--- Exercise data Enclosed Below ---

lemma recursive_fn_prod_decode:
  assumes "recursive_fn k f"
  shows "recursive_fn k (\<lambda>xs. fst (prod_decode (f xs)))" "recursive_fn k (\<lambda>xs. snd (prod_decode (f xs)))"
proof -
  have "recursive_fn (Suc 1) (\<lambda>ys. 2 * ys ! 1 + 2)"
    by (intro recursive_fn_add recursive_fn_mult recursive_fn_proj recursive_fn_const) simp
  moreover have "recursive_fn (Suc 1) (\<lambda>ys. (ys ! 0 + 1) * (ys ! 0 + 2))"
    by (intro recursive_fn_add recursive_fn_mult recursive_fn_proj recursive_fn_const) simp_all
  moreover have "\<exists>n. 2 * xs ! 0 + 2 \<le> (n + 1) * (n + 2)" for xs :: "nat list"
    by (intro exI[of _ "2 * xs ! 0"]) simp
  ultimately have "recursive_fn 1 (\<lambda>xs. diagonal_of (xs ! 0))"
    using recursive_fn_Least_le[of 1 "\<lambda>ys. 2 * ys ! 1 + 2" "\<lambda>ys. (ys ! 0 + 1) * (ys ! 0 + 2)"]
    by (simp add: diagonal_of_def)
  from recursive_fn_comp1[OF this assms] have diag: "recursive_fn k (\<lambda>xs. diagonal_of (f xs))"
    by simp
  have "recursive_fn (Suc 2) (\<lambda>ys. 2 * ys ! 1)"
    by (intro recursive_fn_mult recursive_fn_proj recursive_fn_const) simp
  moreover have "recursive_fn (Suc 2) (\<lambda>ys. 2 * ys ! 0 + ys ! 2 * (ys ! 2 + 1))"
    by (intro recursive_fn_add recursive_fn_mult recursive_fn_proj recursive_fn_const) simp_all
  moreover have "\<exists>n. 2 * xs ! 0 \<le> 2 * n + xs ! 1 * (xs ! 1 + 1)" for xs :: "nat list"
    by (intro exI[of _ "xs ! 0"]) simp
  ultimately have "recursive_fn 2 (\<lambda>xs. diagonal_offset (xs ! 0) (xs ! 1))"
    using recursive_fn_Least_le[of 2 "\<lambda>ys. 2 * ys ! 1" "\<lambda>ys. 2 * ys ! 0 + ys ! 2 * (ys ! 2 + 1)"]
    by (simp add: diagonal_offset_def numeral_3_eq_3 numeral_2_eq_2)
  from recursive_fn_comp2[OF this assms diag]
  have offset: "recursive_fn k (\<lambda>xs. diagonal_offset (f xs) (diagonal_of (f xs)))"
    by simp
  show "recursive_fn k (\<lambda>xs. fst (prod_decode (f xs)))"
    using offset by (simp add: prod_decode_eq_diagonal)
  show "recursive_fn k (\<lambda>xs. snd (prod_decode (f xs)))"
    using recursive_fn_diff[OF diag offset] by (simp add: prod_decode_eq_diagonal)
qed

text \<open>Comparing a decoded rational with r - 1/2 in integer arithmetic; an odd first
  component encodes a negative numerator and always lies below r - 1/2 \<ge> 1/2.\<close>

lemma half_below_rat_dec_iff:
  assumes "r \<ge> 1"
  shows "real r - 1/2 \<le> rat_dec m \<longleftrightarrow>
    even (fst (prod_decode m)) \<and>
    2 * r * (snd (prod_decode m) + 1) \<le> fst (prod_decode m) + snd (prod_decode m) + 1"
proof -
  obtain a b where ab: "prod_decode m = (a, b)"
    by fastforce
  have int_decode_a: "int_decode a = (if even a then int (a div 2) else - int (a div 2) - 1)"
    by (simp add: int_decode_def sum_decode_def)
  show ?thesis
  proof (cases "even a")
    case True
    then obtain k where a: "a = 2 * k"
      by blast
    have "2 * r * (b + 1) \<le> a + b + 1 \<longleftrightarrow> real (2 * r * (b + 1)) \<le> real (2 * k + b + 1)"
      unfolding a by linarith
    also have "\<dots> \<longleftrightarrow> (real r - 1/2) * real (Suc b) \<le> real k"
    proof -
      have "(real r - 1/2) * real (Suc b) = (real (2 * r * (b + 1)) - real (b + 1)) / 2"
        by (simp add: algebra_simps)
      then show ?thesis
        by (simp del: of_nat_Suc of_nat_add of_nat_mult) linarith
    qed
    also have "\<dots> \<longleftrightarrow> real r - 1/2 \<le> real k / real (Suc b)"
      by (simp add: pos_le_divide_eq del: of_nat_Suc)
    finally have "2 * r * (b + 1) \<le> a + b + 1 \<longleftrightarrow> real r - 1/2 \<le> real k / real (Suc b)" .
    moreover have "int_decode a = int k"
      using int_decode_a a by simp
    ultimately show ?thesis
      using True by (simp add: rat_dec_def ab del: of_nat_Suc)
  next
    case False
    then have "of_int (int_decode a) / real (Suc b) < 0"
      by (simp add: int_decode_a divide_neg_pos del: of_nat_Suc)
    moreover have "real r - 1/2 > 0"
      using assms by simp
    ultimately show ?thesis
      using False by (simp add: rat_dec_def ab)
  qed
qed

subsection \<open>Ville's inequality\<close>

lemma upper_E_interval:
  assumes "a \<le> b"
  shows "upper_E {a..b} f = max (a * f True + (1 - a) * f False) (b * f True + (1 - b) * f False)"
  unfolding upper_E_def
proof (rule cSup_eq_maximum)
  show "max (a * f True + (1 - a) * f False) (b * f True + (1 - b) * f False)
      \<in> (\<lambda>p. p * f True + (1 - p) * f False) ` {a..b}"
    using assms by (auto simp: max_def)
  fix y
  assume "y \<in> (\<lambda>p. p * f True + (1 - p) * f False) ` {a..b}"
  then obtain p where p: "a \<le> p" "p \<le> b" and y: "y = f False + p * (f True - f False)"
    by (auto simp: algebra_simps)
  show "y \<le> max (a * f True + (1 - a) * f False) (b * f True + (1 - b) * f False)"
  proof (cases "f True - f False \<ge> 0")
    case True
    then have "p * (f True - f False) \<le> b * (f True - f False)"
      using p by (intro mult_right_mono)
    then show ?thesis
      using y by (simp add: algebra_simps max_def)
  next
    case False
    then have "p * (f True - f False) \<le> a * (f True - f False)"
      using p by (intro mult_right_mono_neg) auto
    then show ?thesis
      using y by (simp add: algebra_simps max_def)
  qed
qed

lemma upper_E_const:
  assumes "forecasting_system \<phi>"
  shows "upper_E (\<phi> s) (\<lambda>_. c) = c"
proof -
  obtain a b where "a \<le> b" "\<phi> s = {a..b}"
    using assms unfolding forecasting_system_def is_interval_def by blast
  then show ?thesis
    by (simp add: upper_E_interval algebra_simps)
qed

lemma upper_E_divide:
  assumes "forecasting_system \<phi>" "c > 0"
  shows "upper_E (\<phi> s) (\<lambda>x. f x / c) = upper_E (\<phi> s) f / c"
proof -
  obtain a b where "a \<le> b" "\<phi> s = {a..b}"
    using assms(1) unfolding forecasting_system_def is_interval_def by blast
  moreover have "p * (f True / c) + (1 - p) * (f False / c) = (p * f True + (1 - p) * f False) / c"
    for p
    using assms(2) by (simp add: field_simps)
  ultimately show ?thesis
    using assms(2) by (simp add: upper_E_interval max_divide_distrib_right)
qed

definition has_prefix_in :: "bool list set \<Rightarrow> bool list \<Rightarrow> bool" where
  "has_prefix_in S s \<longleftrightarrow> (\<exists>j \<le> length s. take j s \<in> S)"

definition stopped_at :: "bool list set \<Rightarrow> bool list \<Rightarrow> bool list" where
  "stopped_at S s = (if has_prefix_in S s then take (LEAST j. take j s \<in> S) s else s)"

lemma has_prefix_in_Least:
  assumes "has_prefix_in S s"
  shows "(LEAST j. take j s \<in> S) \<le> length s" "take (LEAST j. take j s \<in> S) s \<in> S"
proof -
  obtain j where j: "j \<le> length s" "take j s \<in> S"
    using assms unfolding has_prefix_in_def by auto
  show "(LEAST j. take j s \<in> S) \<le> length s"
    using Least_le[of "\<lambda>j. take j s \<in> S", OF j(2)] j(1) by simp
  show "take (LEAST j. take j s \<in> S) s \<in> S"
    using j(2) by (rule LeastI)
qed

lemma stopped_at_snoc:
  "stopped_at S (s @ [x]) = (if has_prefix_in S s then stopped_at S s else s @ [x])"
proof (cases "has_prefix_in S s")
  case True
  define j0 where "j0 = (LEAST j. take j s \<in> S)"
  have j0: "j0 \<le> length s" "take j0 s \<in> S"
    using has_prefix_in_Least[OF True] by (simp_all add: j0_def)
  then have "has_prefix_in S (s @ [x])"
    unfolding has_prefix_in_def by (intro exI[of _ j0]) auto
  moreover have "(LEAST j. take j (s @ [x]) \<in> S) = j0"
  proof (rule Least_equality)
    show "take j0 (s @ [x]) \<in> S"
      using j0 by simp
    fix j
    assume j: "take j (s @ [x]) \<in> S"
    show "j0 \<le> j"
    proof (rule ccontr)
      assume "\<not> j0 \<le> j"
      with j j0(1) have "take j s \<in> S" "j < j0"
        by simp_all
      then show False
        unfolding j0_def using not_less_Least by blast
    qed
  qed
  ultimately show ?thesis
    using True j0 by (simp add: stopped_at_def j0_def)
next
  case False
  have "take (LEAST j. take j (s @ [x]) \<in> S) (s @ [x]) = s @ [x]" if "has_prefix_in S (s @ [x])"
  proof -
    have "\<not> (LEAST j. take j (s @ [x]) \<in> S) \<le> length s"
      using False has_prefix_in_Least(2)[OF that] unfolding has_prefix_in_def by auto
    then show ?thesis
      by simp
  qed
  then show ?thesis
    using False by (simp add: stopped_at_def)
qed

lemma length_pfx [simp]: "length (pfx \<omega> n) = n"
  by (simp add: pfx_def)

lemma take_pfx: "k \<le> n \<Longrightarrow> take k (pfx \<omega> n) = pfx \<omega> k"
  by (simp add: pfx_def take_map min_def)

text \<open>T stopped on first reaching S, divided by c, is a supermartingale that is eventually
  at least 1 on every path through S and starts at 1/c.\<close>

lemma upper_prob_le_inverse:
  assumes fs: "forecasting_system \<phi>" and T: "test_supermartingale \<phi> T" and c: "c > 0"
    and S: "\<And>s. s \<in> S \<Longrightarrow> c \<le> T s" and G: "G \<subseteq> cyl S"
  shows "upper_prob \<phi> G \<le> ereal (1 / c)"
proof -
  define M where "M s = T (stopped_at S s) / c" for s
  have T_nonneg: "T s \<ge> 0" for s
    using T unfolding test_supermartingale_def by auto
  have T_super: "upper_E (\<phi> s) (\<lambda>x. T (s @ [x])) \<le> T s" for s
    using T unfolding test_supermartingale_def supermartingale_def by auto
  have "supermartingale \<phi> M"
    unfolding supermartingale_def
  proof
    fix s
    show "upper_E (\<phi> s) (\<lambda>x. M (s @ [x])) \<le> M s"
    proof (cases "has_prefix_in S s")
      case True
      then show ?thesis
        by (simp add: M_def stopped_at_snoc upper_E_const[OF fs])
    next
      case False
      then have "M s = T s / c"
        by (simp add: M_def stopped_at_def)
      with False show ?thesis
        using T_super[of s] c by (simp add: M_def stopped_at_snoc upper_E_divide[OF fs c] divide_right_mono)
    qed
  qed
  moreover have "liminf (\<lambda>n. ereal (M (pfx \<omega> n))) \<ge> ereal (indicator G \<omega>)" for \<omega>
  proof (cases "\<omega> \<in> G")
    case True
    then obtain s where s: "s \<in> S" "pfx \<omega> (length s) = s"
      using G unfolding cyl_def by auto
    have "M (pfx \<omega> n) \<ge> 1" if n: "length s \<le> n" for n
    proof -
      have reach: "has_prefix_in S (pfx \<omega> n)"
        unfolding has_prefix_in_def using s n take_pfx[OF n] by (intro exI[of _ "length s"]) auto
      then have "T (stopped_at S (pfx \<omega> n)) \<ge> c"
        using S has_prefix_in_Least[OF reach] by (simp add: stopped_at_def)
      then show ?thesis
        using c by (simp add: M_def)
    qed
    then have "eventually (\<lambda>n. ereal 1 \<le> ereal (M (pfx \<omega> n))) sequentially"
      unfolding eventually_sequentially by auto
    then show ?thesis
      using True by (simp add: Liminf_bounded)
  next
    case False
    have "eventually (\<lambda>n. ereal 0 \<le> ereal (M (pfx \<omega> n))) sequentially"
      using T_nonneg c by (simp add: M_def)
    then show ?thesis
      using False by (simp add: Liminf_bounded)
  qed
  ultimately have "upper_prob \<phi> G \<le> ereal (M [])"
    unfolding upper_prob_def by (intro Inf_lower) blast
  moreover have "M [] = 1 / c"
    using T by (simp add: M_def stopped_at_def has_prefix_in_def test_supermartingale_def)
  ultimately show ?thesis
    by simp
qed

--- End of Enclosed Exercise data ---
--- Exercise data Enclosed Below ---

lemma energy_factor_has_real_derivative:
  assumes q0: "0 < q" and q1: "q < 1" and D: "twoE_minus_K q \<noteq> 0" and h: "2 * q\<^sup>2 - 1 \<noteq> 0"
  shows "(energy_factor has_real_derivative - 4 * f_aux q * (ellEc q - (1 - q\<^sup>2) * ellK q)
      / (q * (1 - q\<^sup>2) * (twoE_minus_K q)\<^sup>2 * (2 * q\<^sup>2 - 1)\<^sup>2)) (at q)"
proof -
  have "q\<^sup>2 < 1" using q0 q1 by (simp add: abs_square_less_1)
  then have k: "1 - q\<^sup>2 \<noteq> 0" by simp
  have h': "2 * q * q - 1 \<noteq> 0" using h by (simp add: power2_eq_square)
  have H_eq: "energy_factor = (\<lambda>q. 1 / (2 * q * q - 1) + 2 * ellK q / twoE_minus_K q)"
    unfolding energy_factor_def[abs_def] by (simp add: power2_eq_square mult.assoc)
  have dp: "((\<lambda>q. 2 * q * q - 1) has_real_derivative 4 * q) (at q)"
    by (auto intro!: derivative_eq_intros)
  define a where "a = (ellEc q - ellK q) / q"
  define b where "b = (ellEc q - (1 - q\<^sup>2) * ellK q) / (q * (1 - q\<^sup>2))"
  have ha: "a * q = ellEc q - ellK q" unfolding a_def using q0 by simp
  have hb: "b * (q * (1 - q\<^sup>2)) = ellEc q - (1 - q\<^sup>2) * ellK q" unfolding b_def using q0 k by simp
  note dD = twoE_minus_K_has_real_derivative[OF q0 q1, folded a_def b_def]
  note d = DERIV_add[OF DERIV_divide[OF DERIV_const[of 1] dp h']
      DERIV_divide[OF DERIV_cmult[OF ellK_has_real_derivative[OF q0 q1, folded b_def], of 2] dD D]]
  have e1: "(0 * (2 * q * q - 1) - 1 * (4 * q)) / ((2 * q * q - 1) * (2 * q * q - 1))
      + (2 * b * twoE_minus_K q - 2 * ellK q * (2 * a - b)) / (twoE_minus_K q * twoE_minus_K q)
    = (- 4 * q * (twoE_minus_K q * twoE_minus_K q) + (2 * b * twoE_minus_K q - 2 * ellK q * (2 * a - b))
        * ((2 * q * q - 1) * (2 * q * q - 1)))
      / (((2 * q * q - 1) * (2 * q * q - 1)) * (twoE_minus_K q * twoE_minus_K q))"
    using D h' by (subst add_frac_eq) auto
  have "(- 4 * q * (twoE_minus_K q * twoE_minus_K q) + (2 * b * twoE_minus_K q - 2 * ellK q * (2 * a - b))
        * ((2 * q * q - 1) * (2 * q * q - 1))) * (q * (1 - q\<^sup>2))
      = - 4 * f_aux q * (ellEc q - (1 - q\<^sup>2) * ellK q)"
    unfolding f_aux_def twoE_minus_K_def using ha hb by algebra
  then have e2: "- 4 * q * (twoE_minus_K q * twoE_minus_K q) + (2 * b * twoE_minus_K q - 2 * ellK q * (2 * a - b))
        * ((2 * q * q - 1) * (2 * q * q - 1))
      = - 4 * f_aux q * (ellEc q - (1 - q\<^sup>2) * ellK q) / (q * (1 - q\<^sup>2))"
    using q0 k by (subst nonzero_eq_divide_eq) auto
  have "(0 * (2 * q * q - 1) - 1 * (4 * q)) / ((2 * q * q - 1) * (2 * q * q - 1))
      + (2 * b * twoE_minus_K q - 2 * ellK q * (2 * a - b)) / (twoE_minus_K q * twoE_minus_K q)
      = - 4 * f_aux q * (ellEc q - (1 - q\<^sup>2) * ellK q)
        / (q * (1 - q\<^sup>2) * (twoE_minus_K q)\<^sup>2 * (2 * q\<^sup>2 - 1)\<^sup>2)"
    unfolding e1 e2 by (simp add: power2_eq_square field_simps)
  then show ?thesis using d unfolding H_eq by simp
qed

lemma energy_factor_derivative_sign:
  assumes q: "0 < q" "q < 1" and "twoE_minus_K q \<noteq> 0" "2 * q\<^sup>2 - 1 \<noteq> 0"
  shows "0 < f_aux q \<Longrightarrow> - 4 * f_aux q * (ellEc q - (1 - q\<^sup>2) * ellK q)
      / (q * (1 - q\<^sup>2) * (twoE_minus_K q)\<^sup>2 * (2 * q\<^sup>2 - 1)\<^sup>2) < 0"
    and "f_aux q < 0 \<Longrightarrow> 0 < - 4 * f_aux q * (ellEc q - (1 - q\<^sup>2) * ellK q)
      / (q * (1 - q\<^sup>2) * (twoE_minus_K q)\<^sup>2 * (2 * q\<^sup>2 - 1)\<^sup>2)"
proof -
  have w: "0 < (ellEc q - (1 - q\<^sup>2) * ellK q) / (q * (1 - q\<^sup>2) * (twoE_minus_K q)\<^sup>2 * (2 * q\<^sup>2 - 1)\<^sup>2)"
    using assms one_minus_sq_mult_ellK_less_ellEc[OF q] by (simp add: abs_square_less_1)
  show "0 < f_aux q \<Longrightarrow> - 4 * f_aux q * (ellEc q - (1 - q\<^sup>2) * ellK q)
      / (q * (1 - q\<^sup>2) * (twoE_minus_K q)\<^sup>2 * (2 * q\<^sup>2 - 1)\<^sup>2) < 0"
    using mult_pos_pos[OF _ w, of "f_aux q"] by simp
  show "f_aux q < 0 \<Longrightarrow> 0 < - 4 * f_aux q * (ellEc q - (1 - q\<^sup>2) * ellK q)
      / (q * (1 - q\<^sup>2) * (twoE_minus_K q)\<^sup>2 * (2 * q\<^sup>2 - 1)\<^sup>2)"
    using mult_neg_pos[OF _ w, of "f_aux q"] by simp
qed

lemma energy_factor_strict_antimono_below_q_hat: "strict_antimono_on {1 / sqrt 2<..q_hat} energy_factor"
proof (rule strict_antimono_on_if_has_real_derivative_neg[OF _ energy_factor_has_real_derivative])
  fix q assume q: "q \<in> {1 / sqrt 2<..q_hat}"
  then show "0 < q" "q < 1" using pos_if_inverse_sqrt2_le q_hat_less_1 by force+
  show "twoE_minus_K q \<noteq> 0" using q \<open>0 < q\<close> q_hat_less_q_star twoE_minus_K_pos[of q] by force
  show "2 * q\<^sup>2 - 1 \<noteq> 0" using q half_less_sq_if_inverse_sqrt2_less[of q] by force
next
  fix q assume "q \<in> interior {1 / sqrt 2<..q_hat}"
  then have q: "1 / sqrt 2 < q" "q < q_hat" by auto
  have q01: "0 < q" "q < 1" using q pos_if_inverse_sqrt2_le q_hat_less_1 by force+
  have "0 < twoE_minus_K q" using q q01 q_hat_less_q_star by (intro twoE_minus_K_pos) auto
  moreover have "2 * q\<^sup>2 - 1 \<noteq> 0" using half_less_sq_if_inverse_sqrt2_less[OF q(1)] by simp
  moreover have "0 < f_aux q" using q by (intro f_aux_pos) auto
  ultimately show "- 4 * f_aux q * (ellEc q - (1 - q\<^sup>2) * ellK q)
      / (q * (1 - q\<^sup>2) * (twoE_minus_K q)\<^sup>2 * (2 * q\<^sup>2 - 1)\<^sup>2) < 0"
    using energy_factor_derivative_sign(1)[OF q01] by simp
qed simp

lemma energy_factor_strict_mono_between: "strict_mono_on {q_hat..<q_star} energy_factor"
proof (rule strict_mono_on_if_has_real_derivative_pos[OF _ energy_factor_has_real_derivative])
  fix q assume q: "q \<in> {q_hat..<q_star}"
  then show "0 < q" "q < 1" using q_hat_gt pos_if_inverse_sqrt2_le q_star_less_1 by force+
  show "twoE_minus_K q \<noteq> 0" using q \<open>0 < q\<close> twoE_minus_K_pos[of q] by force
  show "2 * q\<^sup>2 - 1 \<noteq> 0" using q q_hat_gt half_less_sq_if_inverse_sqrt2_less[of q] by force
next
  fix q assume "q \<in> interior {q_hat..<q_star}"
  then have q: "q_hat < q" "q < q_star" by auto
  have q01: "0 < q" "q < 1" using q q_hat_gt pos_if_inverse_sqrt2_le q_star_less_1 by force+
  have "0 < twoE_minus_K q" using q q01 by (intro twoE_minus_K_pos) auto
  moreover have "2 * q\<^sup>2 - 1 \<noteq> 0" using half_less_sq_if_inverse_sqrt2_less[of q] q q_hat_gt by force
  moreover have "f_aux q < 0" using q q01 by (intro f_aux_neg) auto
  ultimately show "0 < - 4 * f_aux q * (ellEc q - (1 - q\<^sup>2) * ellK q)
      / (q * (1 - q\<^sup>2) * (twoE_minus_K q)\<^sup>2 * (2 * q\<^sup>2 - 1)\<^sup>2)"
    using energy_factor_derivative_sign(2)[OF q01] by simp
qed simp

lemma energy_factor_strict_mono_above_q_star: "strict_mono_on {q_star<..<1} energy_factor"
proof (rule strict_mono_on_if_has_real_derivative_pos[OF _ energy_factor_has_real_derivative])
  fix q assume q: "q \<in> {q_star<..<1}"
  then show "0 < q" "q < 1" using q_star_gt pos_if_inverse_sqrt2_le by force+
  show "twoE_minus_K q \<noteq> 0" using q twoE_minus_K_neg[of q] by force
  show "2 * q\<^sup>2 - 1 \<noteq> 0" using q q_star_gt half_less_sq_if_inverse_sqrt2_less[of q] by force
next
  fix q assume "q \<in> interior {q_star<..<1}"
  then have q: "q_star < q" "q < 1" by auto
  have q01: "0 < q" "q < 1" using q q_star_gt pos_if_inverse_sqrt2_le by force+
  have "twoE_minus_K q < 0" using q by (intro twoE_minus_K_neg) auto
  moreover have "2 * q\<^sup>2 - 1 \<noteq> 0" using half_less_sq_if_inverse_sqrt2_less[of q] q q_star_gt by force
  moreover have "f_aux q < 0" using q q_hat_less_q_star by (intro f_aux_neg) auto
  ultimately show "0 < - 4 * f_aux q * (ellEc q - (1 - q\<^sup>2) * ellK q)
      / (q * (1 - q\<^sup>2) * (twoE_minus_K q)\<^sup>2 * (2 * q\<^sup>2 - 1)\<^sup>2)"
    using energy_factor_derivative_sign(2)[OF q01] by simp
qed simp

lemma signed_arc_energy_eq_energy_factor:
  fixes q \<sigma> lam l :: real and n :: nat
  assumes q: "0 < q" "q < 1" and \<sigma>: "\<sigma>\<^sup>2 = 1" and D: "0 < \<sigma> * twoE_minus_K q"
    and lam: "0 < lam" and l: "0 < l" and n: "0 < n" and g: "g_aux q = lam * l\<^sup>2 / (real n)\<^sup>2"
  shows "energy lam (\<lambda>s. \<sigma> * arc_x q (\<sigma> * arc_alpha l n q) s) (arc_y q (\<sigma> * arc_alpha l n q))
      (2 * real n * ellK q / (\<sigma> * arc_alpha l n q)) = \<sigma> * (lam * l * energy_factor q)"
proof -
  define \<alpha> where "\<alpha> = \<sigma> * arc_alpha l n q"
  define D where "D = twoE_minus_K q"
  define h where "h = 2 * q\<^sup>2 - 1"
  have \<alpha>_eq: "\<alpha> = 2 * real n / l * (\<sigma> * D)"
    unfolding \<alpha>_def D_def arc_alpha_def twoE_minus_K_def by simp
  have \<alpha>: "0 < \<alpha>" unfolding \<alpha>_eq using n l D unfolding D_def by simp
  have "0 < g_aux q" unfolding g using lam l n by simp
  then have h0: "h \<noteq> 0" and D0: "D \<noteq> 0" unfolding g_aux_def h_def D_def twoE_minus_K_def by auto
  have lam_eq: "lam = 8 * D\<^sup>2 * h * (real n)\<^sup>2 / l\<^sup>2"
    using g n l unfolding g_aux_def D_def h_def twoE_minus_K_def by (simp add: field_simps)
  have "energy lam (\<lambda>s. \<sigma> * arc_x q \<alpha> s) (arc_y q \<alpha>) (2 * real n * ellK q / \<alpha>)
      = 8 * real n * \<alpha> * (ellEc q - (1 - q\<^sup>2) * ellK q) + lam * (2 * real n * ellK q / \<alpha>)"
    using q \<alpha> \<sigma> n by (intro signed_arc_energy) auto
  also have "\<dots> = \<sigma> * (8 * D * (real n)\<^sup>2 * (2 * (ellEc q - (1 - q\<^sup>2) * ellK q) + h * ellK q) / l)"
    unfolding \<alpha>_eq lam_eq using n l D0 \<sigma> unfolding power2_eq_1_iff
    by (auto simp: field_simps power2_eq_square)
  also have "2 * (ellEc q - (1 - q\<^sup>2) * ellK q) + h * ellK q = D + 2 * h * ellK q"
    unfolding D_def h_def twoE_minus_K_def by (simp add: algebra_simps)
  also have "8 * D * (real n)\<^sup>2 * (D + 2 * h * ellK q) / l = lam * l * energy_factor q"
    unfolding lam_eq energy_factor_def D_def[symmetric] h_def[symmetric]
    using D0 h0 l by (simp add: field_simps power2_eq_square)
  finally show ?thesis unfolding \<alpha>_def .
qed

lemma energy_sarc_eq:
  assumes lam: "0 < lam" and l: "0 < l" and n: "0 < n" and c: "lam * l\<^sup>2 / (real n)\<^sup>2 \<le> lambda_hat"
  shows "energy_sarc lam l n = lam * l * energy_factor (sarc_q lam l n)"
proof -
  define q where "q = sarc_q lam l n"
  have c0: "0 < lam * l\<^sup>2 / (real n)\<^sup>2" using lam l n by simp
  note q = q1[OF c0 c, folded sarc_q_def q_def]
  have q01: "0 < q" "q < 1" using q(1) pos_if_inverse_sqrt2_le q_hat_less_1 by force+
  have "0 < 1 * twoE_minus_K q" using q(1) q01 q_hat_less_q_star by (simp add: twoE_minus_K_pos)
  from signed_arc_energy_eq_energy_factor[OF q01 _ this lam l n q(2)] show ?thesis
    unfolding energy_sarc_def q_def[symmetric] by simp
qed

--- End of Enclosed Exercise data ---

The task: State how many lines of the records contain the string "length". The number is the whole answer.

Solved exercise: 10